Data for review:
(* Let $Y$ be a finite-dimensional real or complex vector space, $\mathfrak g\subset\mathfrak{gl}(Y)$ a Lie subalgebra closed under $(S,T)\mapsto U_TS:=TST$, and $\omega$ a bilinear form on $Y$ with $\omega(Tx,y)+\omega(x,Ty)=0$ for all $T\in\mathfrak g$, $x,y\in Y$. Define $F\colon Y\to\mathfrak g^*$ by $\langle F(y),T\rangle=\tfrac12\omega(Ty,y)$, let $\alpha\colon\mathfrak g^*\to\mathfrak g$ and $f(y)=\alpha(F(y))y$. Let nonzero $b_1,\dots,b_s$ and $h>0$ be given and suppose $y_0,y_1,Y_1,\dots,Y_s\in Y$ satisfy \[ Y_i = y_0 + h\sum_{j=1}^{i-1} b_j f(Y_j) + \frac h2 b_i f(Y_i),\qquad y_1 = y_0 + h\sum_{i=1}^s b_i f(Y_i). \] Then $z_0=F(y_0)$, $Z_i=F(Y_i)$, $z_1=F(y_1)$ satisfy \[ Z_i = z_0 - h\sum_{j=1}^{i-1} b_j\operatorname{ad}^*_{\alpha(Z_j)}Z_j - \frac h2 b_i\operatorname{ad}^*_{\alpha(Z_i)}Z_i + \frac{h^2}{4}b_i^2U^*_{\alpha(Z_i)}Z_i,\qquad z_1 = z_0 - h\sum_{i=1}^s b_i\operatorname{ad}^*_{\alpha(Z_i)}Z_i . \]
   Context: $\langle\cdot,\cdot\rangle$ is the pairing between $\mathfrak g^*$ and $\mathfrak g$; the bracket is $[S,T]=ST-TS$. $\operatorname{ad}^*_Tz\in\mathfrak g^*$ is defined by $\langle\operatorname{ad}^*_Tz,S\rangle=\langle z,[T,S]\rangle$ and $U^*_Tz$ by $\langle U^*_Tz,S\rangle=\langle z,TST\rangle$ for all $S\in\mathfrak g$. *)

theory Defs
  imports "HOL-Analysis.Analysis"
begin

text \<open>Y = 'k^'n (finite-dimensional vector space over 'k, with 'k real or complex,
  generalised to any real_normed_field); gl(Y) = 'k^'n^'n.\<close>

definition mscale :: "'k::real_normed_field \<Rightarrow> 'k^'n^'n \<Rightarrow> 'k^'n^'n" where
  "mscale c A = (\<chi> i j. c * A$i$j)"

definition bracket :: "'k::real_normed_field^'n^'n \<Rightarrow> 'k^'n^'n \<Rightarrow> 'k^'n^'n" where
  "bracket S T = S ** T - T ** S"

definition lie_subalgebra :: "('k::real_normed_field^'n^'n) set \<Rightarrow> bool" where
  "lie_subalgebra g \<longleftrightarrow> 0 \<in> g \<and> (\<forall>S\<in>g. \<forall>T\<in>g. S + T \<in> g) \<and>
     (\<forall>c. \<forall>S\<in>g. mscale c S \<in> g) \<and> (\<forall>S\<in>g. \<forall>T\<in>g. bracket S T \<in> g)"

definition bilinear_form :: "('k::real_normed_field^'n \<Rightarrow> 'k^'n \<Rightarrow> 'k) \<Rightarrow> bool" where
  "bilinear_form w \<longleftrightarrow>
     (\<forall>x x' y. w (x + x') y = w x y + w x' y) \<and> (\<forall>c x y. w (c *s x) y = c * w x y) \<and>
     (\<forall>x y y'. w x (y + y') = w x y + w x y') \<and> (\<forall>c x y. w x (c *s y) = c * w x y)"

text \<open>The dual space g^*: linear functionals on g, represented as functions on gl(Y)
  vanishing outside g.\<close>
definition dual :: "('k::real_normed_field^'n^'n) set \<Rightarrow> ('k^'n^'n \<Rightarrow> 'k) set" where
  "dual g = {z. (\<forall>S\<in>g. \<forall>T\<in>g. z (S + T) = z S + z T) \<and> (\<forall>c. \<forall>S\<in>g. z (mscale c S) = c * z S)
               \<and> (\<forall>S. S \<notin> g \<longrightarrow> z S = 0)}"

definition momap :: "('k::real_normed_field^'n^'n) set \<Rightarrow> ('k^'n \<Rightarrow> 'k^'n \<Rightarrow> 'k) \<Rightarrow> 'k^'n \<Rightarrow> ('k^'n^'n \<Rightarrow> 'k)" where
  "momap g w y = (\<lambda>T. if T \<in> g then w (T *v y) y / 2 else 0)"

definition ad_star :: "('k::real_normed_field^'n^'n) set \<Rightarrow> 'k^'n^'n \<Rightarrow> ('k^'n^'n \<Rightarrow> 'k) \<Rightarrow> ('k^'n^'n \<Rightarrow> 'k)" where
  "ad_star g T z = (\<lambda>S. if S \<in> g then z (bracket T S) else 0)"

definition U_star :: "('k::real_normed_field^'n^'n) set \<Rightarrow> 'k^'n^'n \<Rightarrow> ('k^'n^'n \<Rightarrow> 'k) \<Rightarrow> ('k^'n^'n \<Rightarrow> 'k)" where
  "U_star g T z = (\<lambda>S. if S \<in> g then z (T ** S ** T) else 0)"

end

theory Submission
  imports Defs
begin

text \<open>For \<open>S \<in> \<mathfrak>g\<close> the value \<open>\<langle>F(y), S\<rangle> = \<omega>(Sy, y)/2\<close> is a quadratic form in \<open>y\<close>, so
  expanding \<open>F(Y \<pm> c A Y)\<close> and moving \<open>A\<close> across \<omega> by invariance gives
  \<open>F(Y \<pm> c A Y) = F(Y) \<mp> c ad\<^sup>*\<^sub>A F(Y) - c\<^sup>2 U\<^sup>*\<^sub>A F(Y)\<close> for every \<open>A \<in> \<mathfrak>g\<close>.
  Each stage is a midpoint step: with \<open>c = h b\<^sub>i/2\<close> and \<open>X\<^sub>i = y\<^sub>0 + h \<Sum>\<^sub>j\<^sub><\<^sub>i b\<^sub>j f(Y\<^sub>j)\<close>
  one has \<open>Y\<^sub>i = X\<^sub>i + c f(Y\<^sub>i)\<close> and \<open>X\<^sub>i\<^sub>+\<^sub>1 = Y\<^sub>i + c f(Y\<^sub>i)\<close>, so the \<open>U\<^sup>*\<close> terms cancel in
  \<open>F(X\<^sub>i\<^sub>+\<^sub>1) - F(X\<^sub>i)\<close> and the claim follows by telescoping. Only \<open>\<alpha>(z) \<in> \<mathfrak>g\<close> is used
  about \<open>\<alpha>\<close>.\<close>

lemma bilinear_formD:
  assumes "bilinear_form w"
  shows "w (x + x') y = w x y + w x' y" "w (c *s x) y = c * w x y"
    and "w x (y + y') = w x y + w x y'" "w x (c *s y) = c * w x y"
  using assms unfolding bilinear_form_def by blast+

lemma bilinear_form_diff_left:
  assumes "bilinear_form w"
  shows "w (x - x') y = w x y - w x' y"
  using bilinear_formD(1)[OF assms, of "x - x'" x' y] by simp

lemma mscale_matrix_vector_mult: "mscale c S *v y = c *s (S *v y)"
  by (simp add: vec_eq_iff matrix_vector_mult_def mscale_def sum_distrib_left mult.assoc)

locale invariant_form =
  fixes g :: "('k::real_normed_field^'n^'n) set" and w :: "'k^'n \<Rightarrow> 'k^'n \<Rightarrow> 'k"
  assumes lie: "lie_subalgebra g"
    and U_closed: "\<forall>S\<in>g. \<forall>T\<in>g. T ** S ** T \<in> g"
    and bilinear: "bilinear_form w"
    and invariant: "\<forall>T\<in>g. \<forall>x y. w (T *v x) y + w x (T *v y) = 0"
begin

lemma invariant_left: "T \<in> g \<Longrightarrow> w (T *v x) y = - w x (T *v y)"
  using invariant by (simp add: eq_neg_iff_add_eq_0)

lemma momap_in_dual: "momap g w y \<in> dual g"
  using lie unfolding dual_def momap_def lie_subalgebra_def
  by (auto simp: matrix_vector_mult_add_rdistrib mscale_matrix_vector_mult
      bilinear_formD[OF bilinear] add_divide_distrib)

lemma ad_star_momap:
  assumes "A \<in> g" "S \<in> g"
  shows "ad_star g A (momap g w y) S = - (w (S *v y) (A *v y) + w (S *v (A *v y)) y) / 2"
proof -
  have "bracket A S \<in> g"
    using lie assms unfolding lie_subalgebra_def by blast
  moreover have "w (bracket A S *v y) y = - (w (S *v y) (A *v y) + w (S *v (A *v y)) y)"
    unfolding bracket_def
    by (simp add: matrix_vector_mult_diff_rdistrib bilinear_form_diff_left[OF bilinear]
        invariant_left[OF assms(1)] flip: matrix_vector_mul_assoc)
  ultimately show ?thesis
    using assms by (simp add: ad_star_def momap_def)
qed

lemma U_star_momap:
  assumes "A \<in> g" "S \<in> g"
  shows "U_star g A (momap g w y) S = - w (S *v (A *v y)) (A *v y) / 2"
proof -
  have "A ** S ** A \<in> g"
    using U_closed assms by blast
  moreover have "w ((A ** S ** A) *v y) y = - w (S *v (A *v y)) (A *v y)"
    by (simp add: invariant_left[OF assms(1)] flip: matrix_vector_mul_assoc)
  ultimately show ?thesis
    using assms by (simp add: U_star_def momap_def)
qed

lemma momap_add_scaled:
  assumes "A \<in> g"
  shows "momap g w (y + c *s (A *v y)) S
    = momap g w y S - c * ad_star g A (momap g w y) S - c\<^sup>2 * U_star g A (momap g w y) S"
proof (cases "S \<in> g")
  case False
  then show ?thesis by (simp add: momap_def ad_star_def U_star_def)
next
  case True
  have "S *v (y + c *s (A *v y)) = S *v y + c *s (S *v (A *v y))"
    by (simp add: matrix_vector_right_distrib vector_scalar_commute)
  then show ?thesis
    unfolding ad_star_momap[OF assms True] U_star_momap[OF assms True]
    using True by (simp add: momap_def bilinear_formD[OF bilinear] algebra_simps
        add_divide_distrib diff_divide_distrib power2_eq_square)
qed

lemma momap_midpoint_stage:
  assumes "A \<in> g" and Y: "Y = X + c *s (A *v Y)"
  shows "momap g w Y S
      = momap g w X S - c * ad_star g A (momap g w Y) S + c\<^sup>2 * U_star g A (momap g w Y) S"
    and "momap g w (Y + c *s (A *v Y)) S = momap g w X S - 2 * c * ad_star g A (momap g w Y) S"
proof -
  have "X = Y - c *s (A *v Y)"
    using Y by (metis add_diff_cancel_right')
  then have "X = Y + (- c) *s (A *v Y)"
    by (simp add: vector_smult_lneg)
  then have "momap g w X S
      = momap g w Y S + c * ad_star g A (momap g w Y) S - c\<^sup>2 * U_star g A (momap g w Y) S"
    using momap_add_scaled[OF assms(1), of Y "- c" S] by simp
  then show "momap g w Y S
      = momap g w X S - c * ad_star g A (momap g w Y) S + c\<^sup>2 * U_star g A (momap g w Y) S"
    and "momap g w (Y + c *s (A *v Y)) S = momap g w X S - 2 * c * ad_star g A (momap g w Y) S"
    by (simp_all add: momap_add_scaled[OF assms(1)])
qed

lemma momap_stages:
  fixes a :: "nat \<Rightarrow> 'k" and A :: "nat \<Rightarrow> 'k^'n^'n"
  assumes A_g: "\<forall>i\<in>{1..s}. A i \<in> g"
    and stages: "\<forall>i\<in>{1..s}.
      Yv i = y0 + (\<Sum>j\<in>{1..<i}. a j *s (A j *v Yv j)) + (a i / 2) *s (A i *v Yv i)"
    and update: "y1 = y0 + (\<Sum>i\<in>{1..s}. a i *s (A i *v Yv i))"
  shows "\<And>i. i \<in> {1..s} \<Longrightarrow> momap g w (Yv i) S = momap g w y0 S
      - (\<Sum>j\<in>{1..<i}. a j * ad_star g (A j) (momap g w (Yv j)) S)
      - a i / 2 * ad_star g (A i) (momap g w (Yv i)) S
      + (a i)\<^sup>2 / 4 * U_star g (A i) (momap g w (Yv i)) S"
    and "momap g w y1 S
      = momap g w y0 S - (\<Sum>i\<in>{1..s}. a i * ad_star g (A i) (momap g w (Yv i)) S)"
proof -
  define X where "X i = y0 + (\<Sum>j\<in>{1..<i}. a j *s (A j *v Yv j))" for i
  let ?ad = "\<lambda>j. ad_star g (A j) (momap g w (Yv j)) S"
  have Y_X: "Yv i = X i + (a i / 2) *s (A i *v Yv i)" if "i \<in> {1..s}" for i
    using stages that by (simp add: X_def)
  have X_Suc: "X (Suc i) = Yv i + (a i / 2) *s (A i *v Yv i)" if "i \<in> {1..s}" for i
  proof -
    have "a i *s (A i *v Yv i) = (a i / 2) *s (A i *v Yv i) + (a i / 2) *s (A i *v Yv i)"
      by (simp flip: vector_sadd_rdistrib)
    moreover have "X (Suc i) = X i + a i *s (A i *v Yv i)"
      using that by (simp add: X_def add.assoc)
    ultimately show ?thesis
      using Y_X[OF that] by (metis add.assoc)
  qed
  have X_step: "momap g w (X (Suc j)) S - momap g w (X j) S = - (a j * ?ad j)"
    if "j \<in> {1..s}" for j
    using momap_midpoint_stage(2)[OF bspec[OF A_g that] Y_X[OF that], of S] that
    by (simp add: X_Suc)
  have X_momap: "momap g w (X i) S = momap g w y0 S - (\<Sum>j\<in>{1..<i}. a j * ?ad j)"
    if "i \<in> {1..Suc s}" for i
  proof -
    have "momap g w (X i) S - momap g w (X 1) S
        = (\<Sum>j\<in>{1..<i}. momap g w (X (Suc j)) S - momap g w (X j) S)"
      using that by (intro sum_Suc_diff'[symmetric]) simp
    also have "\<dots> = (\<Sum>j\<in>{1..<i}. - (a j * ?ad j))"
      using that by (intro sum.cong) (auto simp: X_step)
    finally show ?thesis
      by (simp add: X_def sum_negf algebra_simps)
  qed
  show "momap g w (Yv i) S = momap g w y0 S
      - (\<Sum>j\<in>{1..<i}. a j * ?ad j) - a i / 2 * ?ad i
      + (a i)\<^sup>2 / 4 * U_star g (A i) (momap g w (Yv i)) S" if i: "i \<in> {1..s}" for i
    using momap_midpoint_stage(1)[OF bspec[OF A_g i] Y_X[OF i], of S] X_momap[of i] i
    by (simp add: power_divide)
  have "y1 = X (Suc s)"
    by (simp add: X_def update atLeastLessThanSuc_atLeastAtMost)
  then show "momap g w y1 S = momap g w y0 S - (\<Sum>i\<in>{1..s}. a i * ?ad i)"
    using X_momap[of "Suc s"] by (simp add: atLeastLessThanSuc_atLeastAtMost)
qed

end

theorem corollary3p9:
  fixes g :: "('k::real_normed_field^'n^'n) set"
    and w :: "'k^'n \<Rightarrow> 'k^'n \<Rightarrow> 'k"
    and \<alpha> :: "('k^'n^'n \<Rightarrow> 'k) \<Rightarrow> 'k^'n^'n"
    and b :: "nat \<Rightarrow> real" and h :: real and s :: nat
    and y0 y1 :: "'k^'n" and Yv :: "nat \<Rightarrow> 'k^'n"
  assumes g_lie: "lie_subalgebra g"
    and g_U: "\<forall>S\<in>g. \<forall>T\<in>g. T ** S ** T \<in> g"
    and w_bil: "bilinear_form w"
    and w_inv: "\<forall>T\<in>g. \<forall>x y. w (T *v x) y + w x (T *v y) = 0"
    and \<alpha>_into: "\<forall>z\<in>dual g. \<alpha> z \<in> g"
    and b_nz: "\<forall>i\<in>{1..s}. b i \<noteq> 0"
    and h_pos: "h > 0"
    and stages: "\<forall>i\<in>{1..s}. Yv i = y0
        + of_real h *s (\<Sum>j\<in>{1..<i}. of_real (b j) *s (\<alpha> (momap g w (Yv j)) *v Yv j))
        + (of_real h / 2 * of_real (b i)) *s (\<alpha> (momap g w (Yv i)) *v Yv i)"
    and update: "y1 = y0 + of_real h *s (\<Sum>i\<in>{1..s}. of_real (b i) *s (\<alpha> (momap g w (Yv i)) *v Yv i))"
  shows "(\<forall>i\<in>{1..s}. momap g w (Yv i) = (\<lambda>S. momap g w y0 S
           - of_real h * (\<Sum>j\<in>{1..<i}. of_real (b j) * ad_star g (\<alpha> (momap g w (Yv j))) (momap g w (Yv j)) S)
           - of_real h / 2 * of_real (b i) * ad_star g (\<alpha> (momap g w (Yv i))) (momap g w (Yv i)) S
           + of_real h ^ 2 / 4 * of_real (b i) ^ 2 * U_star g (\<alpha> (momap g w (Yv i))) (momap g w (Yv i)) S))
     \<and> momap g w y1 = (\<lambda>S. momap g w y0 S
           - of_real h * (\<Sum>i\<in>{1..s}. of_real (b i) * ad_star g (\<alpha> (momap g w (Yv i))) (momap g w (Yv i)) S))"
proof -
  interpret invariant_form g w
    using g_lie g_U w_bil w_inv by unfold_locales
  define A where "A j = \<alpha> (momap g w (Yv j))" for j
  define a :: "nat \<Rightarrow> 'k" where "a j = of_real h * of_real (b j)" for j
  have A_g: "\<forall>i\<in>{1..s}. A i \<in> g"
    using \<alpha>_into momap_in_dual by (simp add: A_def)
  have sum_a: "of_real h *s (\<Sum>j\<in>J. of_real (b j) *s (A j *v Yv j))
      = (\<Sum>j\<in>J. a j *s (A j *v Yv j))" for J :: "nat set"
    by (simp add: a_def vector_smult_assoc flip: sum_cmul)
  have half: "of_real h / 2 * of_real (b i) = a i / 2" for i
    by (simp add: a_def)
  have stages_a: "\<forall>i\<in>{1..s}.
      Yv i = y0 + (\<Sum>j\<in>{1..<i}. a j *s (A j *v Yv j)) + (a i / 2) *s (A i *v Yv i)"
    using stages unfolding A_def sum_a[unfolded A_def] half .
  have update_a: "y1 = y0 + (\<Sum>i\<in>{1..s}. a i *s (A i *v Yv i))"
    using update unfolding A_def sum_a[unfolded A_def] .
  show ?thesis
    using momap_stages[OF A_g stages_a update_a]
    by (simp add: fun_eq_iff A_def a_def sum_distrib_left mult.assoc power_mult_distrib)
qed

end
lemma (in prob_space) expectation_ratio_times_hermite_product_eq_0:
  assumes "finite I" and "i \<in> I" and "r \<in> I" and "r \<noteq> i" and "odd (d r)"
    and indep: "indep_vars (\<lambda>_. borel) G I"
    and normal: "\<And>r. r \<in> I \<Longrightarrow> distributed M lborel (G r) (\<lambda>x. ennreal (std_normal_density x))"
  shows "expectation (\<lambda>\<omega>. G i \<omega> / sqrt (\<Sum>r\<in>I. (G r \<omega>)\<^sup>2) * (\<Prod>r\<in>I. hermite (d r) (G r \<omega>))) = 0"
proof -
  define f where "f x = x i / sqrt (\<Sum>r\<in>I. (x r)\<^sup>2) * (\<Prod>r\<in>I. hermite (d r) (x r))"
    for x :: "'b \<Rightarrow> real"
  have "expectation (\<lambda>\<omega>. f (\<lambda>j\<in>I. G j \<omega>)) = 0"
  proof (rule expectation_odd_in_symmetric_coordinate[OF _ \<open>r \<in> I\<close> _ indep])
    show "random_variable borel (G j)" if "j \<in> I" for j
      using distributed_measurable[OF normal[OF that]] by simp
    show "distr M borel (\<lambda>\<omega>. - G r \<omega>) = distr M borel (G r)"
      by (rule distr_uminus_std_normal[OF normal[OF \<open>r \<in> I\<close>]])
    show "f \<in> borel_measurable (\<Pi>\<^sub>M j\<in>I. borel)"
      unfolding f_def using \<open>i \<in> I\<close> by measurable
    show "f (x(r := - x r)) = - f x" for x
    proof -
      have "(\<Sum>j\<in>I. ((x(r := - x r)) j)\<^sup>2) = (\<Sum>j\<in>I. (x j)\<^sup>2)"
        by (rule sum.cong) auto
      then show ?thesis
        using prod_flip_odd_factor[OF \<open>finite I\<close> \<open>r \<in> I\<close>, of "\<lambda>j. hermite (d j)" x]
          hermite_uminus[of "d r"] \<open>odd (d r)\<close> \<open>r \<noteq> i\<close>
        by (simp add: f_def)
    qed
  qed (use \<open>r \<in> I\<close> in auto)
  then show ?thesis
    using \<open>i \<in> I\<close> by (simp add: f_def cong: sum.cong prod.cong)
qed

lemma exists_other_if_card_gt_1:
  assumes "card {r \<in> I. P r} > 1"
  shows "\<exists>r\<in>I. P r \<and> r \<noteq> i"
proof (rule ccontr)
  assume "\<not> ?thesis"
  then have "card {r \<in> I. P r} \<le> card {i}"
    by (intro card_mono) auto
  with assms show False by simp
qed

theorem lemma3p4:
  fixes M :: "'a measure" and G :: "nat \<Rightarrow> 'a \<Rightarrow> real"
    and n k :: nat and idx :: "nat \<Rightarrow> nat" and i :: nat
  assumes "prob_space M"
    and "prob_space.indep_vars M (\<lambda>_. borel) G {1..n}"
    and "\<And>r. r \<in> {1..n} \<Longrightarrow> distributed M lborel (G r) (\<lambda>x. ennreal (std_normal_density x))"
    and "n \<ge> 2"
    and "\<And>j. j \<in> {1..2*k+1} \<Longrightarrow> idx j \<in> {1..n}"
    and "card {r \<in> {1..n}. odd (card {j \<in> {1..2*k+1}. idx j = r})} > 1"
    and "i \<in> {1..n}"
  shows "integrable M (\<lambda>\<omega>. G i \<omega> / sqrt (\<Sum>r\<in>{1..n}. (G r \<omega>)\<^sup>2)
            * (\<Prod>r\<in>{1..n}. hermite (card {j \<in> {1..2*k+1}. idx j = r}) (G r \<omega>)))
    \<and> prob_space.expectation M (\<lambda>\<omega>. G i \<omega> / sqrt (\<Sum>r\<in>{1..n}. (G r \<omega>)\<^sup>2)
            * (\<Prod>r\<in>{1..n}. hermite (card {j \<in> {1..2*k+1}. idx j = r}) (G r \<omega>))) = 0"
proof -
  interpret prob_space M by fact
  obtain r where "r \<in> {1..n}" "r \<noteq> i" "odd (card {j \<in> {1..2*k+1}. idx j = r})"
    using exists_other_if_card_gt_1[OF assms(6)] by blast
  then show ?thesis
    using integrable_ratio_times_hermite_product[of "{1..n}" i G "\<lambda>r. card {j \<in> {1..2*k+1}. idx j = r}"]
      expectation_ratio_times_hermite_product_eq_0[of "{1..n}" i r "\<lambda>r. card {j \<in> {1..2*k+1}. idx j = r}"]
      assms(2,3,7) by simp
qed

end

Activity:
Taking the entries above, write out exactly the lines starting with the line containing "by (simp add: X_Suc)" and going on through the line containing "y0 + of_real", both included, and nothing else.

The answer:
    by (simp add: X_Suc)
  have X_momap: "momap g w (X i) S = momap g w y0 S - (\<Sum>j\<in>{1..<i}. a j * ?ad j)"
    if "i \<in> {1..Suc s}" for i
  proof -
    have "momap g w (X i) S - momap g w (X 1) S
        = (\<Sum>j\<in>{1..<i}. momap g w (X (Suc j)) S - momap g w (X j) S)"
      using that by (intro sum_Suc_diff'[symmetric]) simp
    also have "\<dots> = (\<Sum>j\<in>{1..<i}. - (a j * ?ad j))"
      using that by (intro sum.cong) (auto simp: X_step)
    finally show ?thesis
      by (simp add: X_def sum_negf algebra_simps)
  qed
  show "momap g w (Yv i) S = momap g w y0 S
      - (\<Sum>j\<in>{1..<i}. a j * ?ad j) - a i / 2 * ?ad i
      + (a i)\<^sup>2 / 4 * U_star g (A i) (momap g w (Yv i)) S" if i: "i \<in> {1..s}" for i
    using momap_midpoint_stage(1)[OF bspec[OF A_g i] Y_X[OF i], of S] X_momap[of i] i
    by (simp add: power_divide)
  have "y1 = X (Suc s)"
    by (simp add: X_def update atLeastLessThanSuc_atLeastAtMost)
  then show "momap g w y1 S = momap g w y0 S - (\<Sum>i\<in>{1..s}. a i * ?ad i)"
    using X_momap[of "Suc s"] by (simp add: atLeastLessThanSuc_atLeastAtMost)
qed

end

theorem corollary3p9:
  fixes g :: "('k::real_normed_field^'n^'n) set"
    and w :: "'k^'n \<Rightarrow> 'k^'n \<Rightarrow> 'k"
    and \<alpha> :: "('k^'n^'n \<Rightarrow> 'k) \<Rightarrow> 'k^'n^'n"
    and b :: "nat \<Rightarrow> real" and h :: real and s :: nat
    and y0 y1 :: "'k^'n" and Yv :: "nat \<Rightarrow> 'k^'n"
  assumes g_lie: "lie_subalgebra g"
    and g_U: "\<forall>S\<in>g. \<forall>T\<in>g. T ** S ** T \<in> g"
    and w_bil: "bilinear_form w"
    and w_inv: "\<forall>T\<in>g. \<forall>x y. w (T *v x) y + w x (T *v y) = 0"
    and \<alpha>_into: "\<forall>z\<in>dual g. \<alpha> z \<in> g"
    and b_nz: "\<forall>i\<in>{1..s}. b i \<noteq> 0"
    and h_pos: "h > 0"
    and stages: "\<forall>i\<in>{1..s}. Yv i = y0
        + of_real h *s (\<Sum>j\<in>{1..<i}. of_real (b j) *s (\<alpha> (momap g w (Yv j)) *v Yv j))
        + (of_real h / 2 * of_real (b i)) *s (\<alpha> (momap g w (Yv i)) *v Yv i)"
    and update: "y1 = y0 + of_real h *s (\<Sum>i\<in>{1..s}. of_real (b i) *s (\<alpha> (momap g w (Yv i)) *v Yv i))"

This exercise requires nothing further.